A Frankensteinian creation
One of the most popular meaty centrepieces for Christmas feasts in the Middle Ages is thought to be ancient – a pickled boar’s head. The dish is thought to have been extremely laborious to make, and was usually presented with an apple in its jaws and elaborate herbal decorations. It was so beloved, it even came with a song: the Boar’s Head Carol, which was sung as it was processed into the room on a platter. In wealthy households, the tune would have been performed by minstrels – medieval entertainers – and heralded by trumpets.
“The boar’s head in hands I bring,
with garlands gay & birds singing!
I pray you all to help me sing, who are at this banquet!
The boar’s head I understand,
Is chief service in all this land!
Wheresoever it may be found, it is served with mustard!…”
However, despite the dish’s popularity – it’s widely depicted in Christmas scenes from the era – how it was actually made is less clear. What is certain is that is would have been a grisly process.

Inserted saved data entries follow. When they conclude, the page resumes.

theorem theorem1p1:
  fixes MX :: "'x measure" and Ys :: "real set" and Zs :: "('x \<times> real) set"
    and \<rho> :: "'x \<times> real \<Rightarrow> 'x \<times> real \<Rightarrow> real"
    and BZ :: "('x \<times> real) measure"
    and P :: "'x \<times> real \<Rightarrow> ('x \<times> real) measure"
    and H :: "('x \<Rightarrow> real) set" and dH :: "('x \<Rightarrow> real) \<Rightarrow> ('x \<Rightarrow> real) \<Rightarrow> real"
    and lo :: "real \<Rightarrow> real \<Rightarrow> real" and L Lb \<eta> :: real
    and \<pi> \<mu> :: "('x \<times> real) measure" and C1 C2 \<epsilon> \<delta> :: real
    and A :: "('x \<times> real) list \<Rightarrow> ('x \<Rightarrow> real)" and n :: nat
  assumes Z_sub: "Zs \<subseteq> space MX \<times> Ys"
    and metric: "Metric_space Zs \<rho>"
    and complete: "Metric_space.mcomplete Zs \<rho>"
    and separable: "separable_space (Metric_space.mtopology Zs \<rho>)"
    and \<rho>_bounded: "\<exists>B. \<forall>z\<in>Zs. \<forall>w\<in>Zs. \<rho> z w \<le> B"
    and BZ_def: "BZ = borel_of_top (Metric_space.mtopology Zs \<rho>)"
    and prX: "\<forall>S\<in>sets MX. {z\<in>Zs. fst z \<in> S} \<in> sets BZ"
    and prY: "\<forall>S\<in>sets (restrict_space borel Ys). {z\<in>Zs. snd z \<in> S} \<in> sets BZ"
    and kernel: "P \<in> BZ \<rightarrow>\<^sub>M prob_algebra BZ"
    (* (A1) *)
    and H_maps: "\<forall>h\<in>H. \<forall>x\<in>space MX. h x \<in> Ys"
    and H_metric: "Metric_space H dH"
    and H_tb: "Metric_space.mtotally_bounded H dH H"
    (* (A2) *)
    and lo_nonneg: "\<forall>a\<in>Ys. \<forall>b\<in>Ys. 0 \<le> lo a b"
    and lo_meas: "(\<lambda>p. lo (fst p) (snd p)) \<in> borel_measurable
                    (restrict_space borel Ys \<Otimes>\<^sub>M restrict_space borel Ys)"
    and L_nonneg: "0 \<le> L" and Lb_nonneg: "0 \<le> Lb"
    and lipschitz: "\<forall>z1\<in>Zs. \<forall>z2\<in>Zs. \<forall>h1\<in>H. \<forall>h2\<in>H.
        \<bar>loss_h lo h1 z1 - loss_h lo h2 z2\<bar> \<le> L * \<rho> z1 z2 + Lb * dH h1 h2"
    (* (A3) *)
    and Y_bounded: "bounded Ys"
    and \<eta>: "0 < \<eta>" "\<eta> < 1"
    and contraction: "\<forall>z1\<in>Zs. \<forall>z2\<in>Zs.
        wasserstein BZ \<rho> (P z1) (P z2) \<le> ennreal ((1 - \<eta>) * \<rho> z1 z2)"
    (* invariant probability measure and geometric convergence *)
    and \<pi>_prob: "\<pi> \<in> space (prob_algebra BZ)"
    and \<pi>_inv: "bind \<pi> P = \<pi>"
    and C1: "0 < C1" and C2: "0 < C2"
    and conv: "\<forall>z\<in>Zs. \<forall>k::nat.
        wasserstein BZ \<rho> (kernel_pow BZ P k z) \<pi> \<le> ennreal (C1 * exp (- C2 * real k))"
    (* algorithm *)
    and \<epsilon>: "0 < \<epsilon>" and \<delta>: "0 < \<delta>" "\<delta> < 1"
    and asem: "ASEM \<epsilon> Zs lo H A"
    (* initial distribution and sample size *)
    and \<mu>_prob: "\<mu> \<in> space (prob_algebra BZ)"
    and n_pos: "1 \<le> n"
    and n_large: "real n \<ge> max (16 * C1 * L / (\<epsilon> * (1 - exp (- C2))))
        (128 * C1\<^sup>2 * L\<^sup>2 * ln (real (covering_number dH H (ereal \<epsilon> / ereal (4 * Lb))) / \<delta>)
          / (\<epsilon>\<^sup>2 * (1 - exp (- C2))\<^sup>2))"
  shows "\<exists>B\<in>sets (chain_law BZ P \<mu> n).
           B \<subseteq> {\<omega> \<in> space (PiM {..<n} (\<lambda>_. BZ)).
                 \<bar>er \<pi> lo (A (map \<omega> [0..<n])) - opt \<pi> lo H\<bar> < 5 * \<epsilon>}
         \<and> measure (chain_law BZ P \<mu> n) B \<ge> 1 - \<delta>"
proof -
  interpret lipschitz_loss_chain BZ P \<mu> Zs \<rho> \<pi> H dH "loss_h lo" L Lb C1 C2
  proof (intro lipschitz_loss_chain.intro markov_chain.intro lipschitz_loss_chain_axioms.intro)
    show "0 \<le> loss_h lo h z" if "h \<in> H" "z \<in> Zs" for h z
      using that Z_sub H_maps lo_nonneg unfolding loss_h_def by (auto simp: mem_Times_iff)
    show "\<bar>loss_h lo h1 z1 - loss_h lo h2 z2\<bar> \<le> L * \<rho> z1 z2 + Lb * dH h1 h2"
      if "h1 \<in> H" "h2 \<in> H" "z1 \<in> Zs" "z2 \<in> Zs" for h1 h2 z1 z2
      using lipschitz that by blast
    show "wasserstein BZ \<rho> (kernel_pow BZ P k z) \<pi> \<le> ennreal (C1 * exp (- C2 * real k))"
      if "z \<in> Zs" for z k
      using conv that by blast
    show "0 \<le> C1" using C1 by simp
  qed (fact kernel \<mu>_prob metric \<rho>_bounded BZ_def \<pi>_prob H_metric H_tb L_nonneg Lb_nonneg C2)+
  have alg: "A zs \<in> H \<and> emp_risk zs (A zs) < (INF h\<in>H. emp_risk zs h) + \<epsilon>"
    if "zs \<noteq> []" "set zs \<subseteq> Zs" for zs
    using asem that unfolding ASEM_def emp_risk_def by blast
  have exp_C2: "0 < 1 - exp (- C2)" using C2 by simp
  have "16 * bias_bound \<le> real n * \<epsilon>"
    and "128 * bias_bound\<^sup>2 * ln (real (covering_number dH H (ereal \<epsilon> / ereal (4 * Lb))) / \<delta>) / \<epsilon>\<^sup>2
      \<le> real n"
    using n_large \<epsilon> exp_C2 by (simp_all add: bias_bound_def field_simps power2_eq_square)
  from approx_erm_excess_risk[OF \<epsilon> \<delta> alg n_pos this] show ?thesis
    unfolding er_def opt_def risk_def .
qed

end
lemma gbinomial_minus_three_halves:
  "((-3/2 :: real) gchoose k) * (-4) ^ k = inverse_sqrt_cube_coeff k"
proof (induction k)
  case (Suc k)
  have "(real k + 1) * ((-3/2 :: real) gchoose Suc k) = (-3/2 - real k) * ((-3/2) gchoose k)"
    using gbinomial_absorption[of k "-3/2 :: real"] gbinomial_absorb_comp[of "-3/2 :: real" k]
    by (simp add: add.commute)
  then have "(real k + 1) * (((-3/2 :: real) gchoose Suc k) * (-4) ^ Suc k)
      = (-3/2 - real k) * ((-3/2) gchoose k) * (-4 * (-4) ^ k)"
    by (simp only: power_Suc mult.assoc[symmetric])
  also have "\<dots> = (4 * real k + 6) * (((-3/2) gchoose k) * (-4) ^ k)"
    by (simp add: algebra_simps)
  also have "\<dots> = (real k + 1) * inverse_sqrt_cube_coeff (Suc k)"
    by (simp only: Suc.IH inverse_sqrt_cube_coeff_Suc)
  finally show ?case
    by (simp only: mult_cancel_left) simp
qed (simp add: inverse_sqrt_cube_coeff_def)

lemma inverse_sqrt_cube_coeff_sums:
  assumes x: "\<bar>x\<bar> < 1/4"
  shows "(\<lambda>n. inverse_sqrt_cube_coeff n * x ^ n) sums (1 / ((1 - 4 * x) * sqrt (1 - 4 * x)))"
proof -
  have "(\<lambda>n. ((-3/2) gchoose n) * (-4 * x) ^ n) sums (1 + -4 * x) powr (-3/2)"
    using x by (intro gen_binomial_real) simp
  moreover have "((-3/2) gchoose n) * (-4 * x) ^ n = inverse_sqrt_cube_coeff n * x ^ n" for n
    by (simp only: power_mult_distrib mult.assoc[symmetric] gbinomial_minus_three_halves)
  moreover have "(1 + -4 * x) powr (-3/2) = 1 / ((1 - 4 * x) * sqrt (1 - 4 * x))"
  proof -
    have pos: "0 < 1 - 4 * x"
      using x by simp
    have "(1 - 4 * x) powr (3/2) = (1 - 4 * x) powr (1 + 1/2)"
      by simp
    also have "\<dots> = (1 - 4 * x) powr 1 * (1 - 4 * x) powr (1/2)"
      by (rule powr_add)
    also have "\<dots> = (1 - 4 * x) * sqrt (1 - 4 * x)"
      using pos by (simp add: powr_half_sqrt)
    finally show ?thesis
      using pos by (simp add: powr_minus_divide)
  qed
  ultimately show ?thesis
    by simp
qed

lemma sums_shift_power:
  fixes a :: "nat \<Rightarrow> 'a :: real_normed_field"
  assumes "(\<lambda>n. a n * x ^ n) sums s"
  shows "(\<lambda>n. (if k \<le> n then a (n - k) else 0) * x ^ n) sums (x ^ k * s)"
proof -
  let ?f = "\<lambda>n. (if k \<le> n then a (n - k) else 0) * x ^ n"
  have "(\<lambda>i. ?f (i + k)) = (\<lambda>i. x ^ k * (a i * x ^ i))"
    by (simp add: fun_eq_iff power_add mult_ac)
  then have "(\<lambda>i. ?f (i + k)) sums (x ^ k * s)"
    using sums_mult[OF assms] by metis
  then have "?f sums (x ^ k * s + sum ?f {..<k})"
    by (rule iffD1[OF sums_iff_shift[of ?f k]])
  then show ?thesis
    by simp
qed

lemma sc2_sums:
  assumes x: "\<bar>x\<bar> < 1/4"
  shows "(\<lambda>n. real (sc2 n) * x ^ n) sums
     ((1 - 6 * x + 6 * x\<^sup>2 - (1 - 4 * x) * sqrt (1 - 4 * x)) / (- ((1 - 4 * x) * sqrt (1 - 4 * x))))"
proof -
  define q where "q = (1 - 4 * x) * sqrt (1 - 4 * x)"
  note c = inverse_sqrt_cube_coeff_sums[OF x, folded q_def]
  have "(\<lambda>n. of_bool (n = 0)) sums (1 :: real)"
    using sums_single[of 0 "\<lambda>_. 1 :: real"] by (simp add: of_bool_def)
  from sums_diff[OF sums_add[OF sums_diff[OF this c] sums_mult[OF sums_shift_power[OF c, of 1]]]
      sums_mult[OF sums_shift_power[OF c, of 2]], of 6 6]
  have "(\<lambda>n. of_bool (n = 0) - inverse_sqrt_cube_coeff n * x ^ n
      + 6 * ((if 1 \<le> n then inverse_sqrt_cube_coeff (n - 1) else 0) * x ^ n)
      - 6 * ((if 2 \<le> n then inverse_sqrt_cube_coeff (n - 2) else 0) * x ^ n))
    sums (1 - 1 / q + 6 * (x ^ 1 * (1 / q)) - 6 * (x ^ 2 * (1 / q)))" .
  moreover have "(\<lambda>n. real (sc2 n) * x ^ n) = (\<lambda>n. of_bool (n = 0) - inverse_sqrt_cube_coeff n * x ^ n
      + 6 * ((if 1 \<le> n then inverse_sqrt_cube_coeff (n - 1) else 0) * x ^ n)
      - 6 * ((if 2 \<le> n then inverse_sqrt_cube_coeff (n - 2) else 0) * x ^ n))"
    by (simp add: fun_eq_iff sc2_eq_inverse_sqrt_cube_coeffs algebra_simps Suc_le_eq)
  moreover have "q \<noteq> 0"
    using x by (simp add: q_def)
  then have "1 - 1 / q + 6 * (x ^ 1 * (1 / q)) - 6 * (x ^ 2 * (1 / q)) =
      (1 - 6 * x + 6 * x\<^sup>2 - q) / - q"
    by (simp add: field_simps power2_eq_square)
  ultimately show ?thesis
    unfolding q_def by simp
qed

lemma sc2_closed_form:
  assumes "1 \<le> n"
  shows "real (sc2 n) = real (2 * n choose n) * ((real n - 1) * (real n - 2)) / (2 * (2 * real n - 1))"
proof (cases "n = 1")
  case False
  then obtain m where m: "n = Suc (Suc m)"
    using assms by (metis One_nat_def Suc_le_D not0_implies_Suc)
  define c0 where "c0 = real (2 * m choose m)"
  define c1 where "c1 = real (2 * Suc m choose Suc m)"
  define c2 where "c2 = real (2 * Suc (Suc m) choose Suc (Suc m))"
  have sc2: "real (sc2 n) = 6 * (2 * real m + 3) * c1 - (2 * real m + 5) * c2 - 6 * (2 * real m + 1) * c0"
    unfolding c0_def c1_def c2_def using m
    by (simp del: binomial_Suc_Suc add: sc2_eq_inverse_sqrt_cube_coeffs inverse_sqrt_cube_coeff_def
        algebra_simps)
  have rhs: "real (2 * n choose n) * ((real n - 1) * (real n - 2)) / (2 * (2 * real n - 1)) =
      c2 * ((real m + 1) * real m) / (2 * (2 * real m + 3))"
    unfolding c2_def using m by (simp del: binomial_Suc_Suc add: algebra_simps)
  have e1: "(real m + 1) * c1 = 2 * (2 * real m + 1) * c0"
    using central_binomial_Suc[of m, folded c0_def c1_def] .
  have e2: "(real m + 2) * c2 = 2 * (2 * real m + 3) * c1"
    using central_binomial_Suc[of "Suc m", folded c1_def c2_def] by (simp add: algebra_simps)
  have "((real m + 1) * (real m + 2)) * (real (sc2 n) * (2 * (2 * real m + 3))) =
      ((real m + 1) * (real m + 2)) * (c2 * ((real m + 1) * real m))"
    unfolding sc2 using e1 e2 by algebra
  then have "real (sc2 n) * (2 * (2 * real m + 3)) = c2 * ((real m + 1) * real m)"
    by (simp only: mult_cancel_left) simp
  then show ?thesis
    unfolding rhs by (simp add: field_simps)
qed (simp add: sc2_eq_inverse_sqrt_cube_coeffs inverse_sqrt_cube_coeff_def)

theorem mainTheorem4:
  shows "(\<forall>x::real. \<bar>x\<bar> < 1/4 \<longrightarrow>
           (\<lambda>n. real (sc2 n) * x ^ n) sums
             ((1 - 6*x + 6*x^2 - (1 - 4*x) * sqrt (1 - 4*x)) / (- ((1 - 4*x) * sqrt (1 - 4*x)))))
       \<and> (\<forall>n\<ge>1. real (sc2 n) = real (2*n choose n) * ((real n - 1) * (real n - 2)) / (2 * (2 * real n - 1)))"
  using sc2_sums sc2_closed_form by blast

end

One possible method involves slicing off the boar’s face and pickling it in salt over the course of several weeks, along with meat from inside the head, before sewing it back together into a kind of porcine Frankenstein. The cured meat might then be chopped and mixed with bacon and spices to make a kind of layered stuffing, which could be used to re-fill the head. The whole lot would then need to be tightly bound in muslin, to re-create a head-like shape – and then boiled for hours on a bed of carrots, parsnips and onions. To decorate, it’s thought that it might have been covered in black ash to simulate the animal’s fur.
In the 14th Century, a Christmas spread might involve dozens of different types of meat, including obscure birds such as snipe (Credit: Alamy)
The finished dish is said to have tasted like a particularly delectable pork pie, and was often served along with “brawn” – meat from the boar’s shoulders which was preserved in cider, wine or vinegar.
However, though the boar’s head and its carol have long been forgotten by the general public, it lingers on in one institution to this day. Oxford University’s Queen’s College has held the Boar’s Head Gaudy – a feast complete with a pickled boar’s head and the traditional carol sung by a full choir – for centuries. It was originally started as an ordinary Christmas feast for college members who remained during the holidays, and has since evolved into an annual celebration on the Saturday before Christmas.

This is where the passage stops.